The British Empire Library


The Iconography Of Independence: Freedoms At Midnight

edited by Robert Holland, Susan Williams and Terry Barringer


Courtesy of OSPA


A H M Kirk-Greene {Nigeria 1950-65)
Those readers who, like many of us, blink three times, think twice, and then gulp once when they come across terms like 'iconography', need have no fear about this splendid book. After all, the word "Independence" in the title will reassure the many members who were involved in the process of colonial self-government, while the subtitle Freedoms at Midnight is likely to strike a chord, recalling the defining moment described by Prime Minister Jawaharlal Nehru just before India's Independence Day on 15 August 1947, immortalizing the concept of the "stroke of the midnight hour".

When I first read the contributions presented at the conference held at the Institute of Commonwealth Studies in June 2007, it immediately occurred to me that here was superb material for an important and enjoyable book. The guest editors of the special issue of The Round Table, the Commonwealth Journal of International Affairs, in October 2008, clearly had the same idea. Now they have not only brought together the eight papers presented in The Round Table, but have filled a major gap in the journal's Special Issue by adding a fine study of Malaya's Merdeka Day (31 August 1957) by A J Stockwell.

Six chapters recall and review the 'midnight hour' of British territories around the globe, forming India and Pakistan, Ghana, Guyana, Zimbabwe and Malaya. These narrative country studies of independence are placed in context with a parallel pair of exceptionally good wider studies of the experience that made up the 'midnight hour'. Independence Day Ceremonials in Historical Perspective by David Cannadine and Independence Day and the Crown by as a post-war chronological table of independence. To these must be added an admirable overview by the three editors, who conclude that insofar as there might be a model for the celebration of independence from Britain, it would be India in 1947 and Hong Kong forty years later, together "the most carefully planned and the most spectacular". They must also be congratulated on the very helpful abstracts of each chapter, at pp vii-viii.

Many readers will search for an account of or references to the 'midnight hour' experience of their own territory.

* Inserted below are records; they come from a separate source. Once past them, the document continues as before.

lemma compatible_se_test_insert:
  assumes W: "W \<subseteq> Mods Q" "compatible E \<Phi> W" and B: "\<And>K. K \<noteq> Y \<Longrightarrow> B K = K"
    and Y_sat: "Y \<in> se_test Q (insert Y W) B \<longleftrightarrow> (\<forall>l\<in>E - \<Phi>. sat_lit Y l)"
  shows "compatible E \<Phi> (se_test Q (insert Y W) B)"
proof (rule compatible_superset[OF W(2)])
  have W_sat: "\<forall>K\<in>W. \<forall>l\<in>E - \<Phi>. sat_lit K l" using W(2) unfolding compatible_def by blast
  show "W \<subseteq> se_test Q (insert Y W) B"
  proof
    fix K assume "K \<in> W"
    then show "K \<in> se_test Q (insert Y W) B"
      using Y_sat W_sat B W(1) unfolding se_test_def by (cases "K = Y") auto
  qed
  have "se_test Q (insert Y W) B \<subseteq> insert Y W" unfolding se_test_def by blast
  then show "\<forall>I\<in>se_test Q (insert Y W) B. \<forall>l\<in>E - \<Phi>. sat_lit I l" using W_sat Y_sat by blast
qed

lemma not_compatible_se_test_insert:
  assumes "compatible E \<Phi> W" "\<Phi> \<subset> \<Psi>" "\<Psi> \<subseteq> E"
    and Y_sat: "Y \<in> se_test (epi_reduct P \<Phi>) (insert Y W) B \<longleftrightarrow> (\<forall>l\<in>E - \<Phi>. sat_lit Y l)"
  shows "\<not> compatible E \<Psi> (se_test (epi_reduct P \<Psi>) (insert Y W) B)"
proof
  let ?T = "\<lambda>\<Psi>. se_test (epi_reduct P \<Psi>) (insert Y W) B"
  have W_sat: "\<forall>K\<in>W. \<forall>l\<in>E - \<Phi>. sat_lit K l" using assms(1) unfolding compatible_def by blast
  assume "compatible E \<Psi> (?T \<Psi>)"
  then have falsified: "\<forall>l\<in>\<Psi>. \<exists>K\<in>?T \<Psi>. \<not> sat_lit K l"
    unfolding compatible_def by (elim conjE)
  \<comment> \<open>Members of W satisfy every literal outside \<Phi>, so only Y can falsify those of \<Psi> - \<Phi>.\<close>
  have Y_false: "Y \<in> ?T \<Psi> \<and> \<not> sat_lit Y l" if "l \<in> \<Psi> - \<Phi>" for l
  proof -
    have "l \<in> \<Psi>" using that by blast
    then obtain K where "K \<in> ?T \<Psi>" "\<not> sat_lit K l"
      using falsified by blast
    moreover have "K \<notin> W" using W_sat that assms(3) \<open>\<not> sat_lit K l\<close> by blast
    ultimately show ?thesis unfolding se_test_def by auto
  qed
  obtain l where l: "l \<in> \<Psi> - \<Phi>" using assms(2) by blast
  then have "Y \<in> ?T \<Phi>"
    using Y_false se_test_epi_reduct_cong[of \<Phi> \<Psi> Y] assms(2) by blast
  then show False using Y_sat Y_false l assms(3) by blast
qed
lemma Wr_eq:
  "Wr \<delta>R \<delta>B lam = - ss lam * ((cc lam)\<^sup>2 * (1 + 1 / of_nat \<delta>R) * (mu_minus \<delta>R \<delta>B lam - 1)
     + (mu_minus \<delta>R \<delta>B lam - (cc lam)\<^sup>2 - ss lam * cc' lam * (1 / of_nat \<delta>R)) * (mu_minus \<delta>R \<delta>B lam + 1 / of_nat \<delta>B))"
proof -
  have wronskian_half:
    "(- (s * c * (1 + r)) * C - (m - c\<^sup>2 - s * c' * r) * S) * ((s * c * (1 + b)) * (- w\<^sup>2 * S) + (m - c\<^sup>2 - s * c' * b) * C)
     - (- (s * c * (1 + r)) * w\<^sup>2 * S + (m - c\<^sup>2 - s * c' * r) * C) * ((s * c * (1 + b)) * C + (m - c\<^sup>2 - s * c' * b) * S)
     = - s * (c\<^sup>2 * (1 + r) * (m - 1) + (m - c\<^sup>2 - s * c' * r) * (m + b))"
    if "c\<^sup>2 - s * c' = 1" "c = C\<^sup>2 - w\<^sup>2 * S\<^sup>2" "s = 2 * S * C" "c' = - 2 * w\<^sup>2 * S * C"
    for c s c' m b r C S w :: complex
  proof -
    have "(- (s * c * (1 + r)) * C - (m - c\<^sup>2 - s * c' * r) * S) * ((s * c * (1 + b)) * (- w\<^sup>2 * S) + (m - c\<^sup>2 - s * c' * b) * C)
       - (- (s * c * (1 + r)) * w\<^sup>2 * S + (m - c\<^sup>2 - s * c' * r) * C) * ((s * c * (1 + b)) * C + (m - c\<^sup>2 - s * c' * b) * S)
       = - (s * c * (1 + b)) * (s * c * (1 + r)) * (- 2 * w\<^sup>2 * S * C) - (m - c\<^sup>2 - s * c' * b) * (m - c\<^sup>2 - s * c' * r) * (2 * S * C)
         - (C\<^sup>2 - w\<^sup>2 * S\<^sup>2) * ((s * c * (1 + r)) * (m - c\<^sup>2 - s * c' * b) + (s * c * (1 + b)) * (m - c\<^sup>2 - s * c' * r))"
      by algebra
    also have "\<dots> = - (s * c * (1 + b)) * (s * c * (1 + r)) * c' - (m - c\<^sup>2 - s * c' * b) * (m - c\<^sup>2 - s * c' * r) * s
         - c * ((s * c * (1 + r)) * (m - c\<^sup>2 - s * c' * b) + (s * c * (1 + b)) * (m - c\<^sup>2 - s * c' * r))"
      using that by simp
    also have "\<dots> = - s * (c\<^sup>2 * (1 + r) * (m - 1) + (m - c\<^sup>2 - s * c' * r) * (m + b))"
      using that(1) by algebra
    finally show ?thesis .
  qed
  let ?w = "omg lam" and ?m = "mu_minus \<delta>R \<delta>B lam" and ?c = "cc lam" and ?s = "ss lam" and ?c' = "cc' lam"
  let ?b = "1 / of_nat \<delta>B :: complex" and ?r = "1 / of_nat \<delta>R :: complex"
  let ?S = "sinc_w ?w (1/2)" and ?C = "cos (?w / 2)"
  have "vector_derivative (Vf \<delta>R \<delta>B lam) (at (1/2)) =
      (?s * ?c * (1 + ?b)) * (- ?w\<^sup>2 * ?S) + (?m - ?c\<^sup>2 - ?s * ?c' * ?b) * ?C"
    by (simp add: vector_derivative_at[OF Vf_has_vector_derivative])
  moreover have "vector_derivative (Uf \<delta>R \<delta>B lam) (at (1/2)) =
      - (?s * ?c * (1 + ?r)) * ?w\<^sup>2 * ?S + (?m - ?c\<^sup>2 - ?s * ?c' * ?r) * ?C"
    by (simp add: vector_derivative_at[OF Uf_has_vector_derivative])
  moreover have "Vf \<delta>R \<delta>B lam (1/2) = (?s * ?c * (1 + ?b)) * ?C + (?m - ?c\<^sup>2 - ?s * ?c' * ?b) * ?S"
    by (simp add: Vf_def)
  moreover have "Uf \<delta>R \<delta>B lam (1/2) = - (?s * ?c * (1 + ?r)) * ?C - (?m - ?c\<^sup>2 - ?s * ?c' * ?r) * ?S"
    by (simp add: Uf_def)
  ultimately show ?thesis
    unfolding Wr_def by (simp only: wronskian_half[OF M0_det half_angle_formulas])
qed
(* For integers $0\le s\le n$, \[ \operatorname{Cat}_{(2n+1-s,s)}=\sum_{i=0}^s \operatorname{Mot}_{(i+n-s,\,n-s)}\binom{n}{s-i},\qquad \operatorname{Cat}_{(2n-s,s)}=\sum_{i=0}^s \operatorname{Rior}_{(i+n-s,\,n-s)}\binom{n}{s-i}. \]
   Context: The Catalan triangle numbers are $\operatorname{Cat}_{(a,b)}=\binom{a+b}{b}-\binom{a+b}{b-1}$ for $0\le b\le a$ and $0$ otherwise. A Motzkin path is a lattice path with steps $U=(1,1)$, $H=(1,0)$, $D=(1,-1)$ starting at $(0,0)$ and staying weakly above the line $y=0$. The Motzkin triangle number $\operatorname{Mot}_{(a,k)}$ is the number of Motzkin paths from $(0,0)$ to $(a,k)$ (so $\operatorname{Mot}_{(a,a)}=1$ and $\operatorname{Mot}_{(a,0)}$ is the $a$-th Motzkin number). The Riordan triangle number $\operatorname{Rior}_{(a,k)}$ is the number of Motzkin paths from $(0,0)$ to $(a,k)$ having no $H$ step on the line $y=0$ (so $\operatorname{Rior}_{(a,a)}=1$, $\operatorname{Rior}_{(1,0)}=0$). *)

theory Defs
  imports Main
begin

definition Cat :: "nat \<Rightarrow> nat \<Rightarrow> int" where
  "Cat a b = (if b \<le> a then
      int ((a + b) choose b) - (if b = 0 then 0 else int ((a + b) choose (b - 1)))
    else 0)"

text \<open>A lattice path is a list of steps: 1 = U, 0 = H, -1 = D.  The height after j steps is
  the sum of the first j steps.  A Motzkin path stays weakly above y = 0.\<close>
definition motzkin_paths :: "nat \<Rightarrow> int \<Rightarrow> int list set" where
  "motzkin_paths a k = {p. length p = a \<and> set p \<subseteq> {-1, 0, 1} \<and>
      (\<forall>j \<le> a. sum_list (take j p) \<ge> 0) \<and> sum_list p = k}"

definition Mot :: "nat \<Rightarrow> nat \<Rightarrow> nat" where
  "Mot a k = card (motzkin_paths a (int k))"

text \<open>Riordan: Motzkin paths with no H step on the line y = 0
  (the j-th step, starting at height sum of first j steps, is not H at height 0).\<close>
definition Rior :: "nat \<Rightarrow> nat \<Rightarrow> nat" where
  "Rior a k = card {p \<in> motzkin_paths a (int k).
      \<forall>j < a. p ! j = 0 \<longrightarrow> sum_list (take j p) \<noteq> 0}"

end

theory Submission
  imports Defs
begin

text \<open>Appending a last step gives the row recurrences
  \<open>Mot(j+1,k) = Mot(j,k-1) + Mot(j,k) + Mot(j,k+1)\<close> and the same for \<open>Rior\<close>, except that
  the flat step is forbidden at height \<open>0\<close>. Taking binomial transforms in \<open>j\<close> adds one to the
  weight of the middle term, so both sides of each identity, viewed as functions of \<open>n\<close> and the
  height \<open>k = n - s\<close>, obey
  \<open>F(n+1,k) = F(n,k-1) + w(k) F(n,k) + F(n,k+1)\<close> with \<open>w = 2\<close>, resp. \<open>w(0) = 1\<close> and \<open>w = 2\<close>
  otherwise. On the Catalan side this is Pascal's rule applied twice to
  \<open>C(m,r) - C(m,r-1)\<close>; the boundary at \<open>k = 0\<close> comes from the symmetry
  \<open>C(m,r) = C(m,m-r)\<close>. Both sides agree for \<open>n = 0\<close>, so they agree everywhere.\<close>

lemma motzkin_paths_finite: "finite (motzkin_paths j k)"
proof -
  have "motzkin_paths j k \<subseteq> {xs. set xs \<subseteq> {-1,0,1} \<and> length xs = j}"
    by (auto simp: motzkin_paths_def)
  moreover have "finite {xs::int list. set xs \<subseteq> {-1,0,1} \<and> length xs = j}"
    by (rule finite_lists_length_eq) simp
  ultimately show ?thesis by (rule finite_subset)
qed

lemma sum_list_le_length: "set p \<subseteq> {-1,0,1} \<Longrightarrow> sum_list p \<le> int (length p)"
  by (induction p) auto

Yet however territorially patriotic one may be, nobody should miss the two wider chapters by Cannadine and Murphy. Indeed, those OSPA members who may have considered answering Brian Stewart's call in the Overseas Pensioner (No 97) for memoirs of Coronation celebrations (though I am sorry to hear that it will not now be realised) would be interested to read Murphy's survey as well as consulting their own diaries and letters. Hopefully they also saw last year's extensive TV programme on the royal tour of the Commonwealth in 1963.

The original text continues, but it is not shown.